With Pascal GPU, NVIDIA will return to the HPC market with new Tesla products. Maxwell, although great in all regards was deprived of necessary FP64 hardware and focused only on FP32 performance. This meant that the chip was going to stay away from HPC markets while NVIDIA offered their year old Kepler based cards as the only Tesla based options. Pascal will not only improve FP64 performance but also feature mixed precision that allows NVIDIA cards to compute at 16-bit at double the accuracy of FP32. This means that the cards will enable three tiers of compute at FP16, FP32 and FP64. NVIDIA’s far future Volta GPU will further leverage the compute architecture as it is already planned to be part of the SUMMIT and Sierra super computers that feature over 150 PetaFlops of compute performance and launch in 2017 which indicates the launch of Volta just a year after Pascal for the HPC market."

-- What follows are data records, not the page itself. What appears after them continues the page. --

lemma kernel_act_eqI:
  assumes "\<And>i r c. i < N \<Longrightarrow> r < m \<Longrightarrow> c < m \<Longrightarrow> kernel_act N m p x i $$ (r, c) = kernel_act N m q y i $$ (r, c)"
  shows "kernel_act N m p x = kernel_act N m q y"
proof
  fix i show "kernel_act N m p x i = kernel_act N m q y i"
  proof (cases "i < N")
    case True
    then show ?thesis
      using kernel_act_carrier[of N m p x i] kernel_act_carrier[of N m q y i]
      by (intro eq_matI) (auto simp: assms)
  qed (simp add: kernel_act_outside)
qed

lemma kernel_act_mult:
  "kernel_act N m (kernel_mult (coords N m) p q) x = kernel_act N m q (kernel_act N m p x)"
proof (rule kernel_act_eqI)
  let ?I = "coords N m"
  fix i r c assume irc: "i < N" "r < m" "c < m"
  have "kernel_act N m q (kernel_act N m p x) i $$ (r, c) =
      (\<Sum>z\<in>?I. (\<Sum>w\<in>?I. x (fst w) $$ (r, snd w) * p w z) * q z (i, c))"
    unfolding kernel_act_index[OF irc]
    by (rule sum.cong[OF refl]) (use coordsD irc in \<open>simp add: kernel_act_index\<close>)
  also have "\<dots> = (\<Sum>z\<in>?I. \<Sum>w\<in>?I. x (fst w) $$ (r, snd w) * (p w z * q z (i, c)))"
    by (simp add: sum_distrib_right mult.assoc)
  also have "\<dots> = (\<Sum>w\<in>?I. \<Sum>z\<in>?I. x (fst w) $$ (r, snd w) * (p w z * q z (i, c)))"
    by (rule sum.swap)
  also have "\<dots> = (\<Sum>w\<in>?I. x (fst w) $$ (r, snd w) * (\<Sum>z\<in>?I. p w z * q z (i, c)))"
    by (simp add: sum_distrib_left)
  also have "\<dots> = kernel_act N m (kernel_mult ?I p q) x i $$ (r, c)"
    unfolding kernel_act_index[OF irc] kernel_mult_def ..
  finally show "kernel_act N m (kernel_mult ?I p q) x i $$ (r, c) =
      kernel_act N m q (kernel_act N m p x) i $$ (r, c)" by simp
qed

lemma kernel_act_one:
  assumes "\<And>k. k < N \<Longrightarrow> x k \<in> carrier_mat m m" "\<And>k. \<not> k < N \<Longrightarrow> x k = 0\<^sub>m m m"
  shows "kernel_act N m kernel_one x = x"
proof
  fix i show "kernel_act N m kernel_one x i = x i"
  proof (cases "i < N")
    case True
    show ?thesis
    proof (rule eq_matI)
      fix r c assume "r < dim_row (x i)" "c < dim_col (x i)"
      then have rc: "r < m" "c < m" using assms(1)[OF True] by auto
      have "(\<Sum>z\<in>coords N m. x (fst z) $$ (r, snd z) * kernel_one z (i, c)) =
            (\<Sum>z\<in>coords N m. if z = (i, c) then x i $$ (r, c) else 0)"
        by (rule sum.cong) (auto simp: kernel_one_def)
      then show "kernel_act N m kernel_one x i $$ (r, c) = x i $$ (r, c)"
        using True rc by (simp add: kernel_act_index)
    qed (use assms(1)[OF True] in \<open>simp_all add: kernel_act_def\<close>)
  qed (simp add: kernel_act_outside assms(2))
qed

lemma kernel_act_sum_index:
  assumes "\<And>i r s. i < N \<Longrightarrow> r < m \<Longrightarrow> s < m \<Longrightarrow> y i $$ (r, s) = (\<Sum>j\<in>J. d j * Y j i $$ (r, s))"
    and irs: "i < N" "r < m" "s < m"
  shows "kernel_act N m p y i $$ (r, s) = (\<Sum>j\<in>J. d j * kernel_act N m p (Y j) i $$ (r, s))"
proof -
  have "kernel_act N m p y i $$ (r, s) =
      (\<Sum>z\<in>coords N m. (\<Sum>j\<in>J. d j * Y j (fst z) $$ (r, snd z)) * p z (i, s))"
    unfolding kernel_act_index[OF irs]
    by (rule sum.cong[OF refl]) (use coordsD assms in simp)
  also have "\<dots> = (\<Sum>z\<in>coords N m. \<Sum>j\<in>J. d j * (Y j (fst z) $$ (r, snd z) * p z (i, s)))"
    by (simp add: sum_distrib_right mult.assoc)
  also have "\<dots> = (\<Sum>j\<in>J. \<Sum>z\<in>coords N m. d j * (Y j (fst z) $$ (r, snd z) * p z (i, s)))"
    by (rule sum.swap)
  also have "\<dots> = (\<Sum>j\<in>J. d j * (\<Sum>z\<in>coords N m. Y j (fst z) $$ (r, snd z) * p z (i, s)))"
    by (simp add: sum_distrib_left)
  also have "\<dots> = (\<Sum>j\<in>J. d j * kernel_act N m p (Y j) i $$ (r, s))"
    by (simp add: kernel_act_index[OF irs])
  finally show ?thesis .
qed

subsection \<open>The operator C_Phi\<close>

text \<open>On the r-th rows of the components of a tuple, C_Phi acts as right multiplication by
  the matrix C_kernel, whose rows and columns are indexed by coords N m.\<close>

definition C_kernel :: "nat list \<Rightarrow> nat list \<Rightarrow> (complex mat \<Rightarrow> complex mat) \<Rightarrow> kernel" where
  "C_kernel ns ms Phi a b = (if blk ns (fst a) = blk ns (fst b)
     then Phi (munit (sum_list ns) (fst a) (fst b)) $$ (snd a, snd b) else 0)"

text \<open>C_poly ns ms Phi d J x is q(C_Phi) x for the polynomial q(t) = sum of d j * t^j over j in J.\<close>

definition C_poly :: "nat list \<Rightarrow> nat list \<Rightarrow> (complex mat \<Rightarrow> complex mat) \<Rightarrow> (nat \<Rightarrow> complex) \<Rightarrow> nat set
    \<Rightarrow> (nat \<Rightarrow> complex mat) \<Rightarrow> nat \<Rightarrow> complex mat" where
  "C_poly ns ms Phi d J x i = (if i < sum_list ns
     then mat (sum_list ms) (sum_list ms) (\<lambda>(r, s). \<Sum>j\<in>J. d j * (C_Phi ns ms Phi ^^ j) x i $$ (r, s))
     else 0\<^sub>m (sum_list ms) (sum_list ms))"

lemma hilbert_opmod_inn:
  assumes "hilbert_opmod ms smul act inn"
  shows "inn x y \<in> bdalg ms" and "inn x (y + z) = inn x y + inn x z"
    and "inn y x = adjm (inn x y)" and "inn x x = 0\<^sub>m (sum_list ms) (sum_list ms) \<Longrightarrow> x = 0"
  using assms unfolding hilbert_opmod_def by meson+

I don't believe that Jen-Hsun had current gamer PCs (and most current Supermicro, Tyans or other similar bigger-iron) in mind, unless there'll be a chassis add-on for current systems that allows easy support for 8 GPUs - currently something which most of us with 8 or more GPUs per system have had to cobble together with risers, splitters and the like. Moreover, NVLINK's initial release appears to be IBM Power (and maybe ARM-64) processor centric. So a lot depends on how NVLINK (which is responsible for one-half of that 10x performance increase) is implemented. In sum, desire for research/manufacturing cost recovery and manufacturer greed may relegate the highest performance to computer systems not yet released and whose cost will be extremely high. Thus, I'm casting my prediction closer to Refracty's and Glimpse's - max performance will likely be had only by those with deep (but fully filled) pockets. In any event, I'm not being a sour puss because I've never seen before even a 2x increase per GPU processor in rendering speed and that appears to be soon clearly attainable even on our present hardware.

P.S.
(1) There could be external box add-ons, but to my knowledge the prices of those too, in the past, have caused nose bleeds.

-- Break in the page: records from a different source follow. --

definition combine :: "feat \<Rightarrow> feat \<Rightarrow> kernel \<times> feat" where
  "combine X Y =
     (if finv X \<and> finv Y then ((prod_kernel Y X, True), infer X Y True)
      else if finv X \<and> is_GS X \<and> special Y then (coef_kernel Y X True, infer X Y True)
      else if finv Y \<and> is_GS Y \<and> special X then (coef_kernel X Y False, infer X Y True)
      else if finv X then (coef_kernel X Y True, infer X Y False)
      else if finv Y then (coef_kernel Y X False, infer X Y False)
      else ((prod_kernel X Y, True), infer X Y False))"

definition leaf_feat :: "gmc \<Rightarrow> nat \<Rightarrow> feat" where
  "leaf_feat G i = Feat (st G i) (pr G i) (inverted (uo G i))"

text \<open>Parenthesizations as binary trees; a tree with k leaves starting at
  boundary a covers M_(a+1) ... M_(a+k).\<close>
datatype ptree = Leaf | Node ptree ptree

fun nleaves :: "ptree \<Rightarrow> nat" where
  "nleaves Leaf = 1"
| "nleaves (Node l r) = nleaves l + nleaves r"

fun build :: "gmc \<Rightarrow> ptree \<Rightarrow> nat \<Rightarrow> feat \<times> assoc list" where
  "build G Leaf a = (leaf_feat G (Suc a), [])"
| "build G (Node l r) a =
     (let (fx, ax) = build G l a;
          b = a + nleaves l;
          (fy, ay) = build G r b;
          c = b + nleaves r;
          (K, fz) = combine fx fy
      in (fz, ax @ ay @ [(K, (a, b, c))]))"

definition variants :: "gmc \<Rightarrow> assoc list set" where
  "variants G = {snd (build G t 0) | t. nleaves t = len G}"

end

theory Submission
  imports Defs
begin
lemma relgen_in_relI:
  assumes "i \<in> {1, 2, 3}" "j \<in> {1, 2, 3}"
  shows "relgen e1 e2 e3 i j \<in> relI e1 e2 e3"
  unfolding relI_def using assms
  by (auto intro!: exI[of _ "\<lambda>a b. if a = i \<and> b = j then 1 else 0"])

\<comment> \<open>\<open>t1\<^sup>2 + e1\<close> is the common value of the \<open>ti\<^sup>2 + ei\<close>;
  a point is generic below when this value avoids a given finite set\<close>
fun on_curve :: "complex \<Rightarrow> complex \<Rightarrow> complex \<Rightarrow> c3 \<Rightarrow> bool" where
  "on_curve e1 e2 e3 (t1, t2, t3) \<longleftrightarrow> t1\<^sup>2 + e1 = t2\<^sup>2 + e2 \<and> t1\<^sup>2 + e1 = t3\<^sup>2 + e3"

declare on_curve.simps [simp del]

lemma ev_relgen:
  assumes "on_curve e1 e2 e3 P" "i \<in> {1, 2, 3}" "j \<in> {1, 2, 3}"
  shows "ev P (relgen e1 e2 e3 i j) = 0"
proof -
  obtain t1 t2 t3 where P: "P = (t1, t2, t3)"
    by (cases P)
  have level: "(ev P (pvar k))\<^sup>2 + evec e1 e2 e3 k = t1\<^sup>2 + e1" if "k \<in> {1, 2, 3}" for k
    using that assms(1) by (auto simp: P evec_def on_curve.simps)
  show ?thesis
    using level[OF assms(2)] level[OF assms(3)] by (simp add: relgen_def algebra_simps)
qed

lemma ev_relI:
  assumes "on_curve e1 e2 e3 P" "p \<in> relI e1 e2 e3"
  shows "ev P p = 0"
  using assms(2) unfolding relI_def by (auto simp: pm_eval_sum ev_relgen[OF assms(1)])

section \<open>Normal form modulo I\<close>

definition poly_v1 :: "complex poly \<Rightarrow> cpoly" where
  "poly_v1 A = poly (map_poly pconst A) (pvar 1)"

lemma pconst_0 [simp]: "pconst 0 = 0"
  by (simp add: pconst_def)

(2) Just as I have urged caution/care in spending a lot on Maxwells with Pascals coming around the corner, I'd also urge caution/care in high end spending to buy any current system until we know how NVLINK will be hardware implemented. So get a current system only if you really need it before then, but if you can wait you might be better off. Newer systems might make issues we've previously discussed, in detail, (like those involving Octane 3 changes from v2) relics of past systems. However, I also recognize that there'll certainly be new ones to discuss.

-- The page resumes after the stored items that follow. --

lemma span_range_eq_combinations:
  fixes \<mu> :: "'y::finite \<Rightarrow> 'a::real_vector"
  shows "span (range \<mu>) = range (\<lambda>c. \<Sum>y\<in>UNIV. c y *\<^sub>R \<mu> y)"
proof
  let ?T = "range (\<lambda>c. \<Sum>y\<in>UNIV. c y *\<^sub>R \<mu> y)"
  have "subspace ?T"
    unfolding subspace_def
  proof (intro conjI ballI allI)
    show "0 \<in> ?T" by (rule range_eqI[of _ _ "\<lambda>_. 0"]) simp
  next
    fix x z assume "x \<in> ?T" "z \<in> ?T"
    then obtain a b where "x = (\<Sum>y\<in>UNIV. a y *\<^sub>R \<mu> y)" "z = (\<Sum>y\<in>UNIV. b y *\<^sub>R \<mu> y)" by auto
    then show "x + z \<in> ?T"
      by (intro range_eqI[of _ _ "\<lambda>y. a y + b y"]) (simp add: sum.distrib scaleR_add_left)
  next
    fix t x assume "x \<in> ?T"
    then obtain a where "x = (\<Sum>y\<in>UNIV. a y *\<^sub>R \<mu> y)" by auto
    then show "t *\<^sub>R x \<in> ?T"
      by (intro range_eqI[of _ _ "\<lambda>y. t * a y"]) (simp add: scaleR_sum_right)
  qed
  moreover have "\<mu> z \<in> ?T" for z
    by (rule range_eqI[of _ _ "\<lambda>y. if y = z then 1 else 0"])
       (simp add: if_distrib[of "\<lambda>c. c *\<^sub>R _"] cong: if_cong)
  ultimately show "span (range \<mu>) \<subseteq> ?T"
    by (intro span_minimal) auto
  show "?T \<subseteq> span (range \<mu>)"
    by (clarsimp; intro span_sum span_scale span_base; simp)
qed

text \<open>The quantum score measures a \<open>nat\<close>-indexed copy of \<open>\<mu>\<close> along an injection
\<open>'y \<rightarrow> nat\<close>, with zero effects at the other indices.\<close>
lemma measurement_score_as_qscore:
  fixes \<mu> :: "'y::finite \<Rightarrow> 'n::finite cmat" and sc :: "'r \<Rightarrow> 'y \<Rightarrow> real"
  assumes "measurement \<mu>"
  shows "\<exists>s M. (\<forall>r. nat_measurement (M r)) \<and>
           (\<forall>r \<rho>. qscore_expected s M r \<rho> = (\<Sum>y\<in>UNIV. phi \<mu> \<rho> y * sc r y))"
proof -
  obtain f :: "'y \<Rightarrow> nat" where "inj f"
    using ex_bij_betw_finite_nat[of "UNIV::'y set"] by (auto simp: bij_betw_def)
  define M :: "'r \<Rightarrow> nat \<Rightarrow> 'n cmat" where "M r n = (if n \<in> range f then \<mu> (inv f n) else 0)" for r n
  define s :: "'r \<Rightarrow> nat \<Rightarrow> real" where "s r n = sc r (inv f n)" for r n
  have supp: "{n. M r n \<noteq> 0} \<subseteq> range f" for r by (auto simp: M_def)
  have M_f: "M r (f y) = \<mu> y" for r y using \<open>inj f\<close> by (simp add: M_def)
  have sum_supp: "(\<Sum>n\<in>{n. M r n \<noteq> 0}. g n) = (\<Sum>y\<in>UNIV. g (f y))"
    if "\<And>n. M r n = 0 \<Longrightarrow> g n = 0" for r and g :: "nat \<Rightarrow> 'b::comm_monoid_add"
  proof -
    have "(\<Sum>n\<in>{n. M r n \<noteq> 0}. g n) = (\<Sum>n\<in>range f. g n)"
      using that by (intro sum.mono_neutral_left[OF _ supp]) auto
    also have "\<dots> = (\<Sum>y\<in>UNIV. g (f y))" by (simp add: sum.reindex[OF \<open>inj f\<close>])
    finally show ?thesis .
  qed
  show ?thesis
  proof (intro exI conjI allI)
    fix r
    show "nat_measurement (M r)"
      using assms finite_subset[OF supp] sum_supp[of r "M r"]
      by (auto simp: nat_measurement_def measurement_def M_def M_f psd_zero inv_f_f[OF \<open>inj f\<close>])
  next
    fix r \<rho>
    show "qscore_expected s M r \<rho> = (\<Sum>y\<in>UNIV. phi \<mu> \<rho> y * sc r y)"
      unfolding qscore_expected_def
      by (subst sum_supp) (auto simp: hs_inner_zero_left M_f s_def phi_def \<open>inj f\<close>)
  qed
qed

context
  fixes \<mu> :: "'y::finite \<Rightarrow> 'n::finite cmat"
  assumes tomo: "tomo_complete \<mu>"
begin

lemma Herm_eq_combinations: "Herm = range (\<lambda>c. \<Sum>y\<in>UNIV. c y *\<^sub>R \<mu> y)"
  using tomo by (simp add: tomo_complete_def flip: span_range_eq_combinations)

lemma Herm_imp_combination:
  assumes "X \<in> Herm" obtains c where "X = (\<Sum>y\<in>UNIV. c y *\<^sub>R \<mu> y)"
  using assms by (auto simp: Herm_eq_combinations)

lemma inj_on_phi_Herm: "inj_on (phi \<mu>) Herm"
proof (rule inj_onI)
  fix X Y assume "X \<in> Herm" "Y \<in> Herm" and eq: "phi \<mu> X = phi \<mu> Y"
  then have "X - Y \<in> Herm"
    using tomo unfolding tomo_complete_def by (metis span_diff)
  then obtain c where c: "X - Y = (\<Sum>y\<in>UNIV. c y *\<^sub>R \<mu> y)" by (rule Herm_imp_combination)
  have "phi \<mu> (X - Y) = (\<lambda>_. 0)"
    using eq by (simp add: phi_def hs_inner_diff_right fun_eq_iff)
  then have "hs_inner (X - Y) (X - Y) = 0"
    by (subst (1) c) (simp add: hs_inner_combination)
  then show "X = Y" by (simp add: hs_inner_self_eq_0)
qed

lemma phi_pinv_phi:
  assumes X: "X \<in> Herm" shows "phi_pinv \<mu> (phi \<mu> X) = X"
proof -
  have lsq: "lsq_solutions \<mu> (phi \<mu> X) = {X}"
  proof (intro equalityI subsetI)
    fix Z assume "Z \<in> lsq_solutions \<mu> (phi \<mu> X)"
    then have Z: "Z \<in> Herm" and "(\<Sum>y\<in>UNIV. (phi \<mu> Z y - phi \<mu> X y)\<^sup>2) \<le> 0"
      using X unfolding lsq_solutions_def by auto
    then have "(\<Sum>y\<in>UNIV. (phi \<mu> Z y - phi \<mu> X y)\<^sup>2) = 0"
      by (intro antisym sum_nonneg) auto
    then have "\<forall>y. (phi \<mu> Z y - phi \<mu> X y)\<^sup>2 = 0"
      by (simp add: sum_nonneg_eq_0_iff)
    then have "phi \<mu> Z = phi \<mu> X" by (simp add: fun_eq_iff)
    with Z X show "Z \<in> {X}" using inj_on_phi_Herm by (auto dest: inj_onD)
  qed (use X in \<open>auto simp: lsq_solutions_def intro: sum_nonneg\<close>)
  show ?thesis
    unfolding phi_pinv_def lsq by (rule the_equality) auto
qed

lemma phi_pinv_phi_Dens: "\<rho> \<in> Dens \<Longrightarrow> phi_pinv \<mu> (phi \<mu> \<rho>) = \<rho>"
  using Dens_subset_Herm by (intro phi_pinv_phi) auto

lemma Herm_pairing_as_phi_functional:
  assumes "V \<in> Herm" shows "\<exists>c. \<forall>\<rho>. hs_inner V \<rho> = (\<Sum>y\<in>UNIV. c y * phi \<mu> \<rho> y)"
proof -
  from assms obtain c where V: "V = (\<Sum>y\<in>UNIV. c y *\<^sub>R \<mu> y)" by (rule Herm_imp_combination)
  show ?thesis by (rule exI[of _ c]) (simp add: V hs_inner_combination)
qed

lemma phi_functional_as_Herm_pairing:
  "\<exists>V. V \<in> Herm \<and> (\<forall>\<rho>. (\<Sum>y\<in>UNIV. c y * phi \<mu> \<rho> y) = hs_inner V \<rho>)"
proof (intro exI conjI)
  show "(\<Sum>y\<in>UNIV. c y *\<^sub>R \<mu> y) \<in> Herm" unfolding Herm_eq_combinations by (rule rangeI)
qed (simp add: hs_inner_combination)

lemma qscore_expected_as_phi_functional:
  assumes "nat_measurement (M r)"
  shows "\<exists>c. \<forall>\<rho>. qscore_expected s M r \<rho> = (\<Sum>y\<in>UNIV. phi \<mu> \<rho> y * c y)"
proof -
  let ?X = "\<Sum>n\<in>{n. M r n \<noteq> 0}. s r n *\<^sub>R M r n"
  have "?X \<in> Herm"
    using tomo assms
    by (auto simp: tomo_complete_def nat_measurement_def intro!: span_sum span_scale
             dest: psd_imp_Herm)
  then obtain c where X: "?X = (\<Sum>y\<in>UNIV. c y *\<^sub>R \<mu> y)" by (rule Herm_imp_combination)
  have "qscore_expected s M r \<rho> = (\<Sum>y\<in>UNIV. phi \<mu> \<rho> y * c y)" for \<rho>
  proof -
    have "qscore_expected s M r \<rho> = hs_inner ?X \<rho>"
      by (simp add: qscore_expected_def hs_inner_sum_left hs_inner_scaleR_left mult.commute)
    also have "\<dots> = (\<Sum>y\<in>UNIV. c y * phi \<mu> \<rho> y)"
      by (simp only: X hs_inner_combination)
    finally show ?thesis by (simp add: mult.commute)
  qed
  then show ?thesis by blast
qed

lemma c_elicits_Pdiam_iff:
  "c_elicits R (Pdiam \<mu>) sc (\<lambda>p. \<Gamma> (phi_pinv \<mu> p)) \<longleftrightarrow>
     (\<forall>\<rho>\<in>Dens. {\<Gamma> \<rho>} = {r\<in>R. \<forall>r'\<in>R. (\<Sum>y\<in>UNIV. phi \<mu> \<rho> y * sc r' y)
                                       \<le> (\<Sum>y\<in>UNIV. phi \<mu> \<rho> y * sc r y)})"
  unfolding c_elicits_def Pdiam_def ball_simps(9)
  by (rule ball_cong[OF refl]) (simp only: phi_pinv_phi_Dens)

lemma c_identifiable_Pdiam_iff:
  fixes \<Gamma> :: "'n cmat \<Rightarrow> ('k::finite \<Rightarrow> real)"
  shows "c_identifiable (Pdiam \<mu>) (\<lambda>p. \<Gamma> (phi_pinv \<mu> p)) \<longleftrightarrow>
     (\<forall>r\<in>\<Gamma> ` Dens. \<exists>v::'k \<Rightarrow> 'y \<Rightarrow> real.
        \<forall>\<rho>\<in>Dens. \<Gamma> \<rho> = r \<longleftrightarrow> (\<forall>i. (\<Sum>y\<in>UNIV. v i y * phi \<mu> \<rho> y) = 0))"
proof -
  have "(\<lambda>p. \<Gamma> (phi_pinv \<mu> p)) ` Pdiam \<mu> = \<Gamma> ` Dens"
    unfolding Pdiam_def image_image by (rule image_cong[OF refl]) (simp only: phi_pinv_phi_Dens)
  then show ?thesis
    unfolding c_identifiable_def Pdiam_def ball_simps(9)
    by (intro ball_cong[OF refl] ex_cong1) (simp only: phi_pinv_phi_Dens)
qed

lemma q_elicitable_iff_c_elicitable:
  "q_elicitable R \<Gamma> \<longleftrightarrow> c_elicitable R (Pdiam \<mu>) (\<lambda>p. \<Gamma> (phi_pinv \<mu> p))"
proof
  assume "q_elicitable R \<Gamma>"
  then obtain s M where q: "q_elicits R s M \<Gamma>" unfolding q_elicitable_def by blast
  have "\<forall>r\<in>R. \<exists>c. \<forall>\<rho>. qscore_expected s M r \<rho> = (\<Sum>y\<in>UNIV. phi \<mu> \<rho> y * c y)"
    using q by (simp add: q_elicits_def qscore_expected_as_phi_functional)
  then obtain sc where sc: "\<forall>r\<in>R. \<forall>\<rho>. qscore_expected s M r \<rho> = (\<Sum>y\<in>UNIV. phi \<mu> \<rho> y * sc r y)"
    by (rule bchoice[THEN exE])
  have same: "{r\<in>R. \<forall>r'\<in>R. qscore_expected s M r' \<rho> \<le> qscore_expected s M r \<rho>}
      = {r\<in>R. \<forall>r'\<in>R. (\<Sum>y\<in>UNIV. phi \<mu> \<rho> y * sc r' y) \<le> (\<Sum>y\<in>UNIV. phi \<mu> \<rho> y * sc r y)}" for \<rho>
    using sc by auto
  have "\<forall>\<rho>\<in>Dens. {\<Gamma> \<rho>} = {r\<in>R. \<forall>r'\<in>R. qscore_expected s M r' \<rho> \<le> qscore_expected s M r \<rho>}"
    using q unfolding q_elicits_def by (rule conjunct2)
  then have "c_elicits R (Pdiam \<mu>) sc (\<lambda>p. \<Gamma> (phi_pinv \<mu> p))"
    unfolding c_elicits_Pdiam_iff same .
  then show "c_elicitable R (Pdiam \<mu>) (\<lambda>p. \<Gamma> (phi_pinv \<mu> p))"
    unfolding c_elicitable_def by blast
next
  assume "c_elicitable R (Pdiam \<mu>) (\<lambda>p. \<Gamma> (phi_pinv \<mu> p))"
  then obtain sc where c: "c_elicits R (Pdiam \<mu>) sc (\<lambda>p. \<Gamma> (phi_pinv \<mu> p))"
    unfolding c_elicitable_def by blast
  have "measurement \<mu>" using tomo by (simp add: tomo_complete_def)
  then obtain s M where "\<forall>r. nat_measurement (M r)"
    and qs: "\<And>r \<rho>. qscore_expected s M r \<rho> = (\<Sum>y\<in>UNIV. phi \<mu> \<rho> y * sc r y)"
    using measurement_score_as_qscore[of \<mu> sc] by blast
  with c have "q_elicits R s M \<Gamma>"
    unfolding c_elicits_Pdiam_iff q_elicits_def qs by blast
  then show "q_elicitable R \<Gamma>" unfolding q_elicitable_def by blast
qed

(3) If you need a high end multi-GPU rendering system before (or even after) Pascal NVLINK hardware is released, you may want to consider, among others, a SuperX10DRG-OT+-CPU-MNL-1780 [ http://www.supermicro.com/products/syst ... GR-TRT.cfm ] ($3250 @SabrePC) + 2 x E5-2620 v3s for ~ $400 each from Superbiiz [ http://www.superbiiz.com/detail.php?name=E52620V3BX ]. The SuperX10DRG-OT+-CPU has 8 PCI-E 3.0 x16 (double-width) slots plus 2 PCI-E 3.0 x8 (in double-width x16 size) slots. You'll likely need to purchase storage, ram and additional PSU(s) and GPUs + you'll have to install the ram, storage, CPUs, GPUs and connect the external PSUs to GPUs.
(4) I'll be regularly using - for Google searches - phrases such as " NVLINK capable motherboard and NVLINK GPU enclosure/box/case."